lemma generic_chain_type:
  fixes z :: "real ^ 'e::finite"
  assumes gen: "generic z"
    and i: "bij_betw i {1..r} {j. z$(i 1) - 1 < z$j}"
    and dec: "\<And>l l'. l \<in> {1..r} \<Longrightarrow> l' \<in> {1..r} \<Longrightarrow> l < l' \<Longrightarrow> z$(i l') < z$(i l)"
  shows "chain_type N i r (ctype N (\<lambda>B. - e_set B) z)"
proof -
  let ?A = "{j. z$(i 1) - 1 < z$j}"
  have A: "i ` {1..r} = ?A" using i by (simp add: bij_betw_def)
  have "i 1 \<in> i ` {1..r}" unfolding A by simp
  then have r: "1 \<in> {1..r}" by auto
  have top: "z$j \<le> z$(i 1)" for j
  proof (cases "j \<in> ?A")
    case True
    then obtain l where "l \<in> {1..r}" "j = i l" using A by blast
    then show ?thesis using dec[of 1 l] r by (cases "l = 1") auto
  qed simp
  have above: "{j. z$(i l) < z$j} = i ` {1..<l}" if l: "l \<in> {1..r}" for l
  proof (rule decreasing_enumeration_greater[where f = "\<lambda>j. z$j", OF i l dec])
    fix j assume "z$(i l) < z$j"
    moreover have "i l \<in> ?A" using A l by blast
    ultimately show "j \<in> ?A" by simp
  qed
  have low: "z$j < z$(i 1) - 1" if "j \<notin> i ` {1..r}" for j
  proof -
    have "z$j \<le> z$(i 1) - 1" using that unfolding A by auto
    moreover have "z$(i 1) \<noteq> z$j + 1" using gen by (simp add: generic_def)
    ultimately show ?thesis by linarith
  qed
  show ?thesis unfolding chain_type_def ctype_def
  proof (intro conjI ballI allI impI)
    have "{B \<in> N. i 1 \<in> B} \<inter> {B \<in> N. B \<inter> ?A = {}} = {}" by auto
    then show "card (ftype N (\<lambda>B. - e_set B) z (i 1)) =
        family_count N {i 1} {} + family_count N {} (i ` {1..r})"
      unfolding ftype_neg_e_set_top[of z "i 1", OF top] family_count_def A
      by (simp add: card_Un_disjoint Int_commute)
  next
    fix l assume l: "l \<in> {2..r}"
    then have l1: "l \<in> {1..r}" "1 < l" by auto
    then have "z$(i 1) - 1 < z$(i l)" "z$(i l) < z$(i 1)" using A dec[OF r] by auto
    then show "card (ftype N (\<lambda>B. - e_set B) z (i l)) = family_count N {i l} (i ` {1..<l})"
      by (simp add: ftype_neg_e_set_band[of z "i 1", OF top] above[OF l1(1)] family_count_def)
  next
    fix j assume "j \<notin> i ` {1..r}"
    then show "card (ftype N (\<lambda>B. - e_set B) z j) = 0"
      using ftype_neg_e_set_low[OF low] by simp
  qed
qed

lemma chain_type_truncate:
  assumes t: "chain_type N i r t" and n: "1 \<le> n" "n \<le> r"
    and hit: "n < r \<Longrightarrow> \<forall>B\<in>N. B \<inter> i ` {1..n} \<noteq> {}"
  shows "chain_type N i n t"
proof -
  have vanish: "family_count N I J = 0" if "n < r" "i ` {1..n} \<subseteq> J" for I J
  proof -
    have empty: "{B \<in> N. I \<subseteq> B \<and> J \<inter> B = {}} = {}" using hit[OF that(1)] that(2) by blast
    show ?thesis unfolding family_count_def empty by simp
  qed
  have t1: "t (i 1) = family_count N {i 1} {} + family_count N {} (i ` {1..r})"
    and t2: "\<And>l. l \<in> {2..r} \<Longrightarrow> t (i l) = family_count N {i l} (i ` {1..<l})"
    and t3: "\<And>j. j \<notin> i ` {1..r} \<Longrightarrow> t j = 0"
    using t unfolding chain_type_def by auto
  have "family_count N {} (i ` {1..r}) = family_count N {} (i ` {1..n})"
  proof (cases "n = r")
    case False
    with n have "n < r" by simp
    then show ?thesis using n by (simp add: vanish image_mono)
  qed simp
  moreover have "t j = 0" if j: "j \<notin> i ` {1..n}" for j
  proof (cases "j \<in> i ` {1..r}")
    case True
    then obtain l where l: "l \<in> {1..r}" "j = i l" by blast
    with j n have "n < l" by auto
    with l n have "t j = family_count N {i l} (i ` {1..<l})" by (simp add: t2)
    also have "\<dots> = 0" using \<open>n < l\<close> l by (intro vanish) auto
    finally show ?thesis .
  qed (simp add: t3)
  ultimately show ?thesis using n t1 t2 unfolding chain_type_def by simp
qed

lemma chain_type_unique:
  assumes "chain_type N i n t" "chain_type N i n t'"
  shows "t = t'"
proof
  fix j
  show "t j = t' j"
  proof (cases "j \<in> i ` {1..n}")
    case True
    then obtain l where l: "l \<in> {1..n}" "j = i l" by blast
    show ?thesis
    proof (cases "l = 1")
      case False
      with l have "l \<in> {2..n}" by auto
      with assms l show ?thesis by (simp add: chain_type_def)
    qed (use assms l in \<open>simp add: chain_type_def\<close>)
  qed (use assms in \<open>simp add: chain_type_def\<close>)
qed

- - - - - - -

Required action
Reproduce every line in the records above that contains the word "assumes".

Result of the task
  assumes gen: "generic z"
  assumes t: "chain_type N i r t" and n: "1 \<le> n" "n \<le> r"
  assumes "chain_type N i n t" "chain_type N i n t'"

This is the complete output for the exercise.